Except…that’s not the real Jesus as revealed in the Scriptures. That is not the ‘love of Christ’ revealed there. It’s what we all want because that definition of love will cost us nothing. Everybody will like us and feel loved.

But I need to get my definition of love from divine revelation. The number 1 person who will lie to me … is me. I need objective truth from my Creator, something outside of me. We all know the verses about sacrificial love that climax in the cross where Christ lays down his life. I’m going to take a different tact here, I want to go to the text and look for examples of Jesus loving his contemporaries during his years of ministry, especially those where the Bible explicitly tells me it’s an instance of Jesus loving someone – actual examples of the love of Christ apart from his death on a cross.

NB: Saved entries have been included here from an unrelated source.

(* Let $M_1,\dots,M_k$ be terms in normal form and let $C$ be a $k$-hole $E$-context. If $\Gamma,\downarrow C[M_1,\dots,M_k]\vdash M$ has a cut-free derivation in $\mathcal S$, then so does $\Gamma,M_1,\dots,M_k\vdash M$.
   Context: Fix names, variables and constructors $\mathsf{pub}$ (unary), $\mathsf{sign},\mathsf{blind},\langle\cdot,\cdot\rangle,\{\cdot\}_\cdot$ (binary). $E$ is the union of AC-convergent equational theories $E_1,\dots,E_n$ with pairwise disjoint signatures, disjoint from the constructors, each with at most one associative-commutative (AC) binary symbol $\oplus_i$; $E$ is presented by a rewrite system $R_E$ terminating and confluent modulo AC; $\Sigma_E$ is its signature. Terms are ground terms over names, the constructors and $\Sigma_E$; $\downarrow N$ is the $R_E$-normal form of $N$ modulo AC. $\equiv$ is equality modulo AC of all $\oplus_i$; $\approx_E$ equality modulo $E$. Guarded term: a name, a variable, or headed by a constructor. $E$-context: term with holes built only from symbols of $\Sigma_E$; $C[M_1,\dots,M_k]$ places $M_i$ in the $i$-th hole. Sequents $\Gamma\vdash M$ have all terms in normal form; $\Gamma,M$ means $\Gamma\cup\{M\}$. A derivation is cut-free if it has no instance of (cut). System $\mathcal S$: (id) $\Gamma\vdash M$ with no premise if $M\approx_E C[M_1,\dots,M_k]$ for an $E$-context $C$ and $M_i\in\Gamma$; (cut) from $\Gamma\vdash M$, $\Gamma,M\vdash T$ infer $\Gamma\vdash T$; ($p_L$) from $\Gamma,\langle M,N\rangle,M,N\vdash T$ infer $\Gamma,\langle M,N\rangle\vdash T$; ($p_R$) from $\Gamma\vdash M,\Gamma\vdash N$ infer $\Gamma\vdash\langle M,N\rangle$; ($e_L$) from $\Gamma,\{M\}_K\vdash K$ and $\Gamma,\{M\}_K,M,K\vdash N$ infer $\Gamma,\{M\}_K\vdash N$; ($e_R$) from $\Gamma\vdash M,\Gamma\vdash K$ infer $\Gamma\vdash\{M\}_K$; ($\mathsf{sign}_L$) from $\Gamma,\mathsf{sign}(M,K),\mathsf{pub}(L),M\vdash N$ infer $\Gamma,\mathsf{sign}(M,K),\mathsf{pub}(L)\vdash N$ if $K\equiv L$; ($\mathsf{sign}_R$) from $\Gamma\vdash M,\Gamma\vdash K$ infer $\Gamma\vdash\mathsf{sign}(M,K)$; ($\mathsf{blind}_{L1}$) from $\Gamma,\mathsf{blind}(M,K)\vdash K$ and $\Gamma,\mathsf{blind}(M,K),M,K\vdash N$ infer $\Gamma,\mathsf{blind}(M,K)\vdash N$; ($\mathsf{blind}_R$) from $\Gamma\vdash M,\Gamma\vdash K$ infer $\Gamma\vdash\mathsf{blind}(M,K)$; ($\mathsf{blind}_{L2}$) from $\Gamma,\mathsf{sign}(\mathsf{blind}(M,R),K)\vdash R$ and $\Gamma,\mathsf{sign}(\mathsf{blind}(M,R),K),\mathsf{sign}(M,K),R\vdash N$ infer $\Gamma,\mathsf{sign}(\mathsf{blind}(M,R),K)\vdash N$; ($gs$) from $\Gamma\vdash A$, $\Gamma,A\vdash M$ infer $\Gamma\vdash M$ if $A$ is a guarded subterm of a term in $\Gamma\cup\{M\}$. *)

theory Defs
  imports Main
begin

text \<open>Names 'n, symbols of the signature Sigma_E of type 'f.  Var is used only for
  variables of rewrite rules and for holes of E-contexts; the terms of sequents are
  ground (contain no Var).  Enc m k stands for the encryption {m}_k,
  Pair for the pairing constructor, Fn f ts for f(ts) with f in Sigma_E.\<close>

datatype ('n, 'f) trm =
    Nm 'n
  | Var nat
  | Pub "('n, 'f) trm"
  | Sign "('n, 'f) trm" "('n, 'f) trm"
  | Blind "('n, 'f) trm" "('n, 'f) trm"
  | Pair "('n, 'f) trm" "('n, 'f) trm"
  | Enc "('n, 'f) trm" "('n, 'f) trm"
  | Fn 'f "('n, 'f) trm list"

fun vars :: "('n, 'f) trm \<Rightarrow> nat set" where
  "vars (Nm a) = {}"
| "vars (Var x) = {x}"
| "vars (Pub t) = vars t"
| "vars (Sign s t) = vars s \<union> vars t"
| "vars (Blind s t) = vars s \<union> vars t"
| "vars (Pair s t) = vars s \<union> vars t"
| "vars (Enc s t) = vars s \<union> vars t"
| "vars (Fn f ts) = (\<Union>t\<in>set ts. vars t)"

fun syms :: "('n, 'f) trm \<Rightarrow> 'f set" where
  "syms (Nm a) = {}"
| "syms (Var x) = {}"
| "syms (Pub t) = syms t"
| "syms (Sign s t) = syms s \<union> syms t"
| "syms (Blind s t) = syms s \<union> syms t"
| "syms (Pair s t) = syms s \<union> syms t"
| "syms (Enc s t) = syms s \<union> syms t"
| "syms (Fn f ts) = insert f (\<Union>t\<in>set ts. syms t)"

fun holes :: "('n, 'f) trm \<Rightarrow> nat list" where
  "holes (Nm a) = []"
| "holes (Var x) = [x]"
| "holes (Pub t) = holes t"
| "holes (Sign s t) = holes s @ holes t"
| "holes (Blind s t) = holes s @ holes t"
| "holes (Pair s t) = holes s @ holes t"
| "holes (Enc s t) = holes s @ holes t"
| "holes (Fn f ts) = concat (map holes ts)"

definition ground :: "('n, 'f) trm \<Rightarrow> bool" where
  "ground t \<longleftrightarrow> vars t = {}"

fun is_eterm :: "('n, 'f) trm \<Rightarrow> bool" where
  "is_eterm (Var x) = True"
| "is_eterm (Fn f ts) = (\<forall>t\<in>set ts. is_eterm t)"
| "is_eterm _ = False"

fun wf_trm :: "('f \<Rightarrow> nat) \<Rightarrow> ('n, 'f) trm \<Rightarrow> bool" where
  "wf_trm ar (Nm a) = True"
| "wf_trm ar (Var x) = True"
| "wf_trm ar (Pub t) = wf_trm ar t"
| "wf_trm ar (Sign s t) = (wf_trm ar s \<and> wf_trm ar t)"
| "wf_trm ar (Blind s t) = (wf_trm ar s \<and> wf_trm ar t)"
| "wf_trm ar (Pair s t) = (wf_trm ar s \<and> wf_trm ar t)"
| "wf_trm ar (Enc s t) = (wf_trm ar s \<and> wf_trm ar t)"
| "wf_trm ar (Fn f ts) = (length ts = ar f \<and> (\<forall>t\<in>set ts. wf_trm ar t))"

fun subst :: "(nat \<Rightarrow> ('n, 'f) trm) \<Rightarrow> ('n, 'f) trm \<Rightarrow> ('n, 'f) trm" where
  "subst \<sigma> (Nm a) = Nm a"
| "subst \<sigma> (Var x) = \<sigma> x"
| "subst \<sigma> (Pub t) = Pub (subst \<sigma> t)"
| "subst \<sigma> (Sign s t) = Sign (subst \<sigma> s) (subst \<sigma> t)"
| "subst \<sigma> (Blind s t) = Blind (subst \<sigma> s) (subst \<sigma> t)"
| "subst \<sigma> (Pair s t) = Pair (subst \<sigma> s) (subst \<sigma> t)"
| "subst \<sigma> (Enc s t) = Enc (subst \<sigma> s) (subst \<sigma> t)"
| "subst \<sigma> (Fn f ts) = Fn f (map (subst \<sigma>) ts)"

fun subterms :: "('n, 'f) trm \<Rightarrow> ('n, 'f) trm set" where
  "subterms (Nm a) = {Nm a}"
| "subterms (Var x) = {Var x}"
| "subterms (Pub t) = insert (Pub t) (subterms t)"
| "subterms (Sign s t) = insert (Sign s t) (subterms s \<union> subterms t)"
| "subterms (Blind s t) = insert (Blind s t) (subterms s \<union> subterms t)"
| "subterms (Pair s t) = insert (Pair s t) (subterms s \<union> subterms t)"
| "subterms (Enc s t) = insert (Enc s t) (subterms s \<union> subterms t)"
| "subterms (Fn f ts) = insert (Fn f ts) (\<Union>t\<in>set ts. subterms t)"

fun guarded :: "('n, 'f) trm \<Rightarrow> bool" where
  "guarded (Fn f ts) = False"
| "guarded _ = True"

inductive ac_eq :: "'f set \<Rightarrow> ('n, 'f) trm \<Rightarrow> ('n, 'f) trm \<Rightarrow> bool" for A where
  ac_refl: "ac_eq A t t"
| ac_sym: "ac_eq A s t \<Longrightarrow> ac_eq A t s"
| ac_trans: "ac_eq A s t \<Longrightarrow> ac_eq A t u \<Longrightarrow> ac_eq A s u"
| ac_assoc: "f \<in> A \<Longrightarrow> ac_eq A (Fn f [Fn f [a, b], c]) (Fn f [a, Fn f [b, c]])"
| ac_comm: "f \<in> A \<Longrightarrow> ac_eq A (Fn f [a, b]) (Fn f [b, a])"
| ac_Pub: "ac_eq A s t \<Longrightarrow> ac_eq A (Pub s) (Pub t)"
| ac_Sign1: "ac_eq A s t \<Longrightarrow> ac_eq A (Sign s u) (Sign t u)"
| ac_Sign2: "ac_eq A s t \<Longrightarrow> ac_eq A (Sign u s) (Sign u t)"
| ac_Blind1: "ac_eq A s t \<Longrightarrow> ac_eq A (Blind s u) (Blind t u)"
| ac_Blind2: "ac_eq A s t \<Longrightarrow> ac_eq A (Blind u s) (Blind u t)"
| ac_Pair1: "ac_eq A s t \<Longrightarrow> ac_eq A (Pair s u) (Pair t u)"
| ac_Pair2: "ac_eq A s t \<Longrightarrow> ac_eq A (Pair u s) (Pair u t)"
| ac_Enc1: "ac_eq A s t \<Longrightarrow> ac_eq A (Enc s u) (Enc t u)"
| ac_Enc2: "ac_eq A s t \<Longrightarrow> ac_eq A (Enc u s) (Enc u t)"
| ac_Fn: "ac_eq A s t \<Longrightarrow> ac_eq A (Fn f (xs @ s # ys)) (Fn f (xs @ t # ys))"

type_synonym ('n, 'f) rule = "('n, 'f) trm \<times> ('n, 'f) trm"

inductive rstep :: "('n, 'f) rule set \<Rightarrow> ('n, 'f) trm \<Rightarrow> ('n, 'f) trm \<Rightarrow> bool" for R where
  rs_root: "(l, r) \<in> R \<Longrightarrow> rstep R (subst \<sigma> l) (subst \<sigma> r)"
| rs_Pub: "rstep R s t \<Longrightarrow> rstep R (Pub s) (Pub t)"
| rs_Sign1: "rstep R s t \<Longrightarrow> rstep R (Sign s u) (Sign t u)"
| rs_Sign2: "rstep R s t \<Longrightarrow> rstep R (Sign u s) (Sign u t)"
| rs_Blind1: "rstep R s t \<Longrightarrow> rstep R (Blind s u) (Blind t u)"
| rs_Blind2: "rstep R s t \<Longrightarrow> rstep R (Blind u s) (Blind u t)"
| rs_Pair1: "rstep R s t \<Longrightarrow> rstep R (Pair s u) (Pair t u)"
| rs_Pair2: "rstep R s t \<Longrightarrow> rstep R (Pair u s) (Pair u t)"
| rs_Enc1: "rstep R s t \<Longrightarrow> rstep R (Enc s u) (Enc t u)"
| rs_Enc2: "rstep R s t \<Longrightarrow> rstep R (Enc u s) (Enc u t)"
| rs_Fn: "rstep R s t \<Longrightarrow> rstep R (Fn f (xs @ s # ys)) (Fn f (xs @ t # ys))"

definition rstep_ac :: "'f set \<Rightarrow> ('n, 'f) rule set \<Rightarrow> ('n, 'f) trm \<Rightarrow> ('n, 'f) trm \<Rightarrow> bool" where
  "rstep_ac A R s t \<longleftrightarrow> (\<exists>s' t'. ac_eq A s s' \<and> rstep R s' t' \<and> ac_eq A t' t)"

definition conv_ac :: "'f set \<Rightarrow> ('n, 'f) rule set \<Rightarrow> ('n, 'f) trm \<Rightarrow> ('n, 'f) trm \<Rightarrow> bool" where
  "conv_ac A R = (\<lambda>s t. rstep_ac A R s t \<or> rstep_ac A R t s \<or> ac_eq A s t)\<^sup>*\<^sup>*"

definition terminating_ac :: "('f \<Rightarrow> nat) \<Rightarrow> 'f set \<Rightarrow> ('n, 'f) rule set \<Rightarrow> bool" where
  "terminating_ac ar A R \<longleftrightarrow>
     \<not> (\<exists>g :: nat \<Rightarrow> ('n, 'f) trm. \<forall>i. ground (g i) \<and> wf_trm ar (g i) \<and> rstep_ac A R (g i) (g (Suc i)))"

definition confluent_ac :: "('f \<Rightarrow> nat) \<Rightarrow> 'f set \<Rightarrow> ('n, 'f) rule set \<Rightarrow> bool" where
  "confluent_ac ar A R \<longleftrightarrow>
     (\<forall>s t. ground s \<and> wf_trm ar s \<and> ground t \<and> wf_trm ar t \<and> conv_ac A R s t \<longrightarrow>
        (\<exists>u v. (rstep_ac A R)\<^sup>*\<^sup>* s u \<and> (rstep_ac A R)\<^sup>*\<^sup>* t v \<and> ac_eq A u v))"

text \<open>E = E_0 \<union> ... \<union> E_(nthy-1): thy f is the index of the theory whose signature contains f
  (so the signatures are pairwise disjoint); ACs is the set of AC symbols; rules is R_E,
  and the rules of E_i are those whose symbols all lie in the signature of E_i.\<close>
record ('n, 'f) eqthy =
  ACs :: "'f set"
  arity :: "'f \<Rightarrow> nat"
  thy :: "'f \<Rightarrow> nat"
  nthy :: nat
  rules :: "('n, 'f) rule set"

definition rules_of :: "('n, 'f) eqthy \<Rightarrow> nat \<Rightarrow> ('n, 'f) rule set" where
  "rules_of T i = {(l, r) \<in> rules T. \<forall>f \<in> syms l \<union> syms r. thy T f = i}"

definition E_ok :: "('n, 'f) eqthy \<Rightarrow> bool" where
  "E_ok T \<longleftrightarrow>
     (\<forall>f. thy T f < nthy T) \<and>
     (\<forall>f \<in> ACs T. arity T f = 2) \<and>
     (\<forall>f \<in> ACs T. \<forall>g \<in> ACs T. thy T f = thy T g \<longrightarrow> f = g) \<and>
     (\<forall>(l, r) \<in> rules T. is_eterm l \<and> is_eterm r \<and> wf_trm (arity T) l \<and> wf_trm (arity T) r \<and>
         (\<forall>x. l \<noteq> Var x) \<and> vars r \<subseteq> vars l \<and>
         (\<exists>i. \<forall>f \<in> syms l \<union> syms r. thy T f = i)) \<and>
     (\<forall>i < nthy T. terminating_ac (arity T) (ACs T) (rules_of T i) \<and>
                    confluent_ac (arity T) (ACs T) (rules_of T i)) \<and>
     terminating_ac (arity T) (ACs T) (rules T) \<and> confluent_ac (arity T) (ACs T) (rules T)"

definition eqE :: "('n, 'f) eqthy \<Rightarrow> ('n, 'f) trm \<Rightarrow> ('n, 'f) trm \<Rightarrow> bool" where
  "eqE T = conv_ac (ACs T) (rules T)"

definition acE :: "('n, 'f) eqthy \<Rightarrow> ('n, 'f) trm \<Rightarrow> ('n, 'f) trm \<Rightarrow> bool" where
  "acE T = ac_eq (ACs T)"

definition is_nf :: "('n, 'f) eqthy \<Rightarrow> ('n, 'f) trm \<Rightarrow> bool" where
  "is_nf T t \<longleftrightarrow> \<not> (\<exists>u. rstep_ac (ACs T) (rules T) t u)"

text \<open>N is (a representative of) the normal form \<down>t.\<close>
definition is_nf_of :: "('n, 'f) eqthy \<Rightarrow> ('n, 'f) trm \<Rightarrow> ('n, 'f) trm \<Rightarrow> bool" where
  "is_nf_of T t N \<longleftrightarrow> (rstep_ac (ACs T) (rules T))\<^sup>*\<^sup>* t N \<and> is_nf T N"

text \<open>A term of the sequent calculus: ground, arity-respecting, in normal form.\<close>
definition nterm :: "('n, 'f) eqthy \<Rightarrow> ('n, 'f) trm \<Rightarrow> bool" where
  "nterm T t \<longleftrightarrow> ground t \<and> wf_trm (arity T) t \<and> is_nf T t"

definition nseq :: "('n, 'f) eqthy \<Rightarrow> ('n, 'f) trm set \<Rightarrow> ('n, 'f) trm \<Rightarrow> bool" where
  "nseq T \<Gamma> M \<longleftrightarrow> (\<forall>N \<in> insert M \<Gamma>. nterm T N)"

definition ectx :: "('n, 'f) eqthy \<Rightarrow> nat \<Rightarrow> ('n, 'f) trm \<Rightarrow> bool" where
  "ectx T k C \<longleftrightarrow> is_eterm C \<and> wf_trm (arity T) C \<and> holes C = [0..<k]"

text \<open>C[M_1,...,M_k] (with Ms = [M_1,...,M_k]).\<close>
definition plug :: "('n, 'f) trm \<Rightarrow> ('n, 'f) trm list \<Rightarrow> ('n, 'f) trm" where
  "plug C Ms = subst (\<lambda>i. Ms ! i) C"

One example that comes to mind is in Luke 19. Zacchaeus, that ‘wee little man’ from the song we’re now all singing in our head. One of those hated, greedy, and in his case chief tax collectors. Jesus went to his house and had fellowship with him. The conversation is not recorded, but something absolutely miraculous happens between verses 7 and 8. Zacchaeus by verse 8 is in full repentance mode, ready to make restitution to all those he has wronged. A very serious question I must ask myself is this – is the extreme response of Zaccheus due to Jesus being all about loving acceptance for Zacchaeus as he was, a greedy tax collector? Or do we think Jesus may have spoken some rather clear and unpleasant truth to him, in love, and the Spirit created a new heart in him that could hear it? How else can you explain the total and completely unnatural turnaround in his attitude before and after that encounter? Speaking truth, in love, broke him and made him new. You do not go from a rich chief tax collector to giving half of all you have away on top of restoring FOURFOLD what you’ve defrauded others of, because someone ‘accepted’ you as you are and told you that in spite of the sin, you’re a pretty decent person. At best you’d fully restore to others what you’ve wrongly taken. Onefold. Fourfold restoration, far beyond what you’ve taken, is simply unexplainable aside from some massive heart change occurring. Something huge, way beyond ‘he loved me and accepted me as I was’ happened to this man. He absolutely was loved … and vastly CHANGED. Truth totally changed him. Jesus loved him enough to tell him the truth graciously, and gave him ears to hear it and respond.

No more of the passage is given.